Q&A: Dr Julian Treadwell, project lead, GP Evidence

17th April 2023 by NASGP

Q&A: Dr Julian Treadwell, project lead, GP Evidence

Dr Julian Treadwell is a salaried GP and NIHR Doctoral Research Fellow at the Nuffield Department of Primary Care Health Sciences at Oxford University.

He’s just launched a new website, GP Evidence (gpevidence.org/), developed to make the scientific evidence underpinning guideline-recommended treatments easier to access and understand for practising GPs.

Dr Treadwell explains how he developed GP Evidence with the support of sessional GPs, how it might support shared decision-making, and ways it can make better use of CPD hours.

NASGP: What have you learned about GPs’ learning habits and needs while setting up GP Evidence? Did anything surprise you?

Dr Treadwell: The problem I’d first identified for myself in my own practice was that I was following guidelines and doing what I thought was good medicine, but that I felt I’d lost the ability to think about it. I wanted to know more about how to decide on how to treat individual patients, compare how effective different treatments are, and work out quickly how likely they were to reduce someone’s risk and how likely they were to get side effects. I realised I didn’t have information like absolute risk reduction and numbers needed to treat in my mind, nor was it easy to find that information.

Early on in this project, I did a survey of GPs online asking, exploring their understanding of evidence, for example knowledge of absolute risk reduction for common treatments. I found that other GPs were also feeling pretty low levels of confidence about this kind of knowledge. What I found out along the way was that, as GPs, we’re all in the same boat.

I had felt it myself and then, reflecting on everybody else’s practice, thought that this is a real shame, because long term conditions are really the bread and butter of our work. Why on earth is it so hard for us to get information that would help us in practice? Everybody was aware of this gap in their knowledge.

NASGP: Who took part in your GP survey? 

I spoke to 15 GPs using what we call maximum variation sampling . I went all over the country: three people in Scotland, a couple of Wales, London, Midlands, Southwest. I interviewed a mixture of partners, salaried, locums, so I know that the work that I’ve done has addressed the learning needs of sessional GPs as well as the profession as a whole.
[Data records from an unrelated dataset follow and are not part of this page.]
(* Let $(U,\mathcal{I})$ be a laminar matroid given by a laminar family $\mathcal{F}$ with positive integer capacities $\mu(\cdot)$ such that $\mu(B)<\mu(B')$ whenever $B\subsetneq B'$ are in $\mathcal{F}$. Let $f$ be non-negative, monotonically non-decreasing and submodular, $p\in(0,1)$, and run $\mathrm{SIMULATE}$ (see context) to obtain $M,N,w$. Let $$S=N\setminus\bigcup_{B\in\mathcal{F}:\,|N\cap B|>\mu(B)}(N\cap B),$$ i.e. all elements of $N\cap B$ are removed for every $B$ whose constraint is violated by $N$. Let $\beta=2e(1-p)$ and assume $\beta<1$. Then $$\mathbb{E}[w(S)]\ge\Big(1-\frac{2\beta}{(1-\beta)^3}\Big)\mathbb{E}[w(N)].$$
   Context: Laminar matroid: $\mathcal{F}$ is a family of distinct subsets of $U$ any two of which are disjoint or nested, and $\mathcal{I}=\{T\subseteq U:|T\cap B|\le\mu(B)\ \forall B\in\mathcal{F}\}$. Write $f_T(e)=f(T\cup\{e\})-f(T)$; $e$ in $\beta$ denotes the base of the natural logarithm. $\mathrm{SIMULATE}$: each element of $U$ is independently put into a set $H$ with probability $p$. Start with $M=N=\emptyset$. While there exists $e\in U\setminus(M\cup N)$ with $M\cup\{e\}\in\mathcal{I}$, take such an $e$ maximizing $f_M(e)$ (ties broken by a fixed rule); let $M_e$ be the current $M$; if $e\in H$ add $e$ to $M$, else to $N$. Define $w(e)=f_{M_e}(e)$ for $e\in M\cup N$, $w(e)=0$ otherwise, and $w(T)=\sum_{e\in T}w(e)$. *)

theory Defs
  imports Complex_Main
begin

definition laminar :: "'a set set \<Rightarrow> bool" where
  "laminar F \<longleftrightarrow> (\<forall>A\<in>F. \<forall>B\<in>F. A \<inter> B = {} \<or> A \<subseteq> B \<or> B \<subseteq> A)"

definition lam_indep :: "'a set \<Rightarrow> 'a set set \<Rightarrow> ('a set \<Rightarrow> nat) \<Rightarrow> 'a set set" where
  "lam_indep U F \<mu> = {T. T \<subseteq> U \<and> (\<forall>B\<in>F. card (T \<inter> B) \<le> \<mu> B)}"

definition marg :: "('a set \<Rightarrow> real) \<Rightarrow> 'a set \<Rightarrow> 'a \<Rightarrow> real" where
  "marg f T e = f (insert e T) - f T"

definition submodular_on :: "'a set \<Rightarrow> ('a set \<Rightarrow> real) \<Rightarrow> bool" where
  "submodular_on U f \<longleftrightarrow>
     (\<forall>S T. S \<subseteq> U \<longrightarrow> T \<subseteq> U \<longrightarrow> f (S \<union> T) + f (S \<inter> T) \<le> f S + f T)"

definition sim_step ::
  "'a set \<Rightarrow> 'a set set \<Rightarrow> ('a set \<Rightarrow> real) \<Rightarrow> ('a set \<Rightarrow> 'a set \<Rightarrow> 'a set \<Rightarrow> 'a) \<Rightarrow> 'a set
   \<Rightarrow> 'a set \<times> 'a set \<times> ('a \<Rightarrow> real) \<Rightarrow> 'a set \<times> 'a set \<times> ('a \<Rightarrow> real)" where
  "sim_step U I f sel H st =
     (case st of (M, N, w) \<Rightarrow>
       (let C = {e \<in> U - (M \<union> N). insert e M \<in> I} in
        if C = {} then (M, N, w)
        else (let Cmax = {e \<in> C. \<forall>e'\<in>C. marg f M e' \<le> marg f M e};
                  e = sel M N Cmax;
                  w' = w(e := marg f M e) in
              if e \<in> H then (insert e M, N, w') else (M, insert e N, w'))))"

text \<open>SIMULATE run to completion (each step adds an element of U, so card U steps suffice).\<close>
definition simulate ::
  "'a set \<Rightarrow> 'a set set \<Rightarrow> ('a set \<Rightarrow> real) \<Rightarrow> ('a set \<Rightarrow> 'a set \<Rightarrow> 'a set \<Rightarrow> 'a) \<Rightarrow> 'a set
   \<Rightarrow> 'a set \<times> 'a set \<times> ('a \<Rightarrow> real)" where
  "simulate U I f sel H = (sim_step U I f sel H ^^ card U) ({}, {}, (\<lambda>_. 0))"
And as I say, what came out of that was realising the similar experiences between all types of GPs of different types of practice and different backgrounds, from the 60-year-old partner to the GP locum in their 20s: they’re all feeling the same thing.

NASGP: How does GP Evidence work in practice?

We GPs have an appetite both for quick, easy information and for some depth.

Sometimes you want quick, rapid, easy to understand information that you can look up in a consultation and just get a nice plain answer, and you would maybe spend 20 seconds on that.

But we also, at times, want to think in quite complex ways, for example when we see people who’ve got complex illness or a number of comorbidities and lots of repeat prescriptions.

So the challenge when designing the website was trying to provide information that was simple and easy to access, but also underpinned by some background information that would enable GPs to think in a more complex way when they needed to about it, and integrate the new information into all their other knowledge.

For example, if you go to the lipids page, under ‘Treatment options’ you can go for ‘Statins for the primary prevention of cardiovascular disease’. You can select a Qrisk score, then you’ve got this graphic in front of you, with the smiley faces, and sentences in bold at the bottom. Summary statistics are on the right hand side. That’s an example of the core design feature of the website, which is giving rapid numerical information in a way that’s really easy to digest and was developed in co-design between GPs and web developers sitting together.

GP Evidence basically gives the same information in five different ways to suit different types of people: quick numbers, then linked information about where the evidence is from and what the quality of evidence is like and maybe some other queries like here. There’s a chunk of information there for when you’re having a cup of coffee after your morning surgery, and you want to reflect on information and learn a bit more deeply.

So you’ve got in-consultation use, and then content more suitable for bite-sized CPD learning activity and further reading – I hope, useful for the reality of GPs’ lives.

NASGP: What are the advantages beyond increasing GPs’ grasp of the evidence?

Nearly every doctor worries about, well, am I going to get into trouble if I don’t follow a guideline? Because when you have this kind of information, it is inviting you to share a decision with patients or to make a decision yourself as a clinician in a more independent way than you might if you’re just following a guideline. You can’t do proper shared decision making unless you have got this kind of information, really.

On the website, there’s a section on ‘Key concepts’ including medicolegal considerations. I wrote a piece about all this to try and support GPs to feel safe to use this kind of information.

For salaried GPs and GP locums specifically, someone told me in an interview that as a locum or salaried GP, you might find yourself getting nagged by the partners to tick all the QOF boxes. This might provide some support for GPs to make exceptions for QOF codes, supported by clinical evidence they can trust.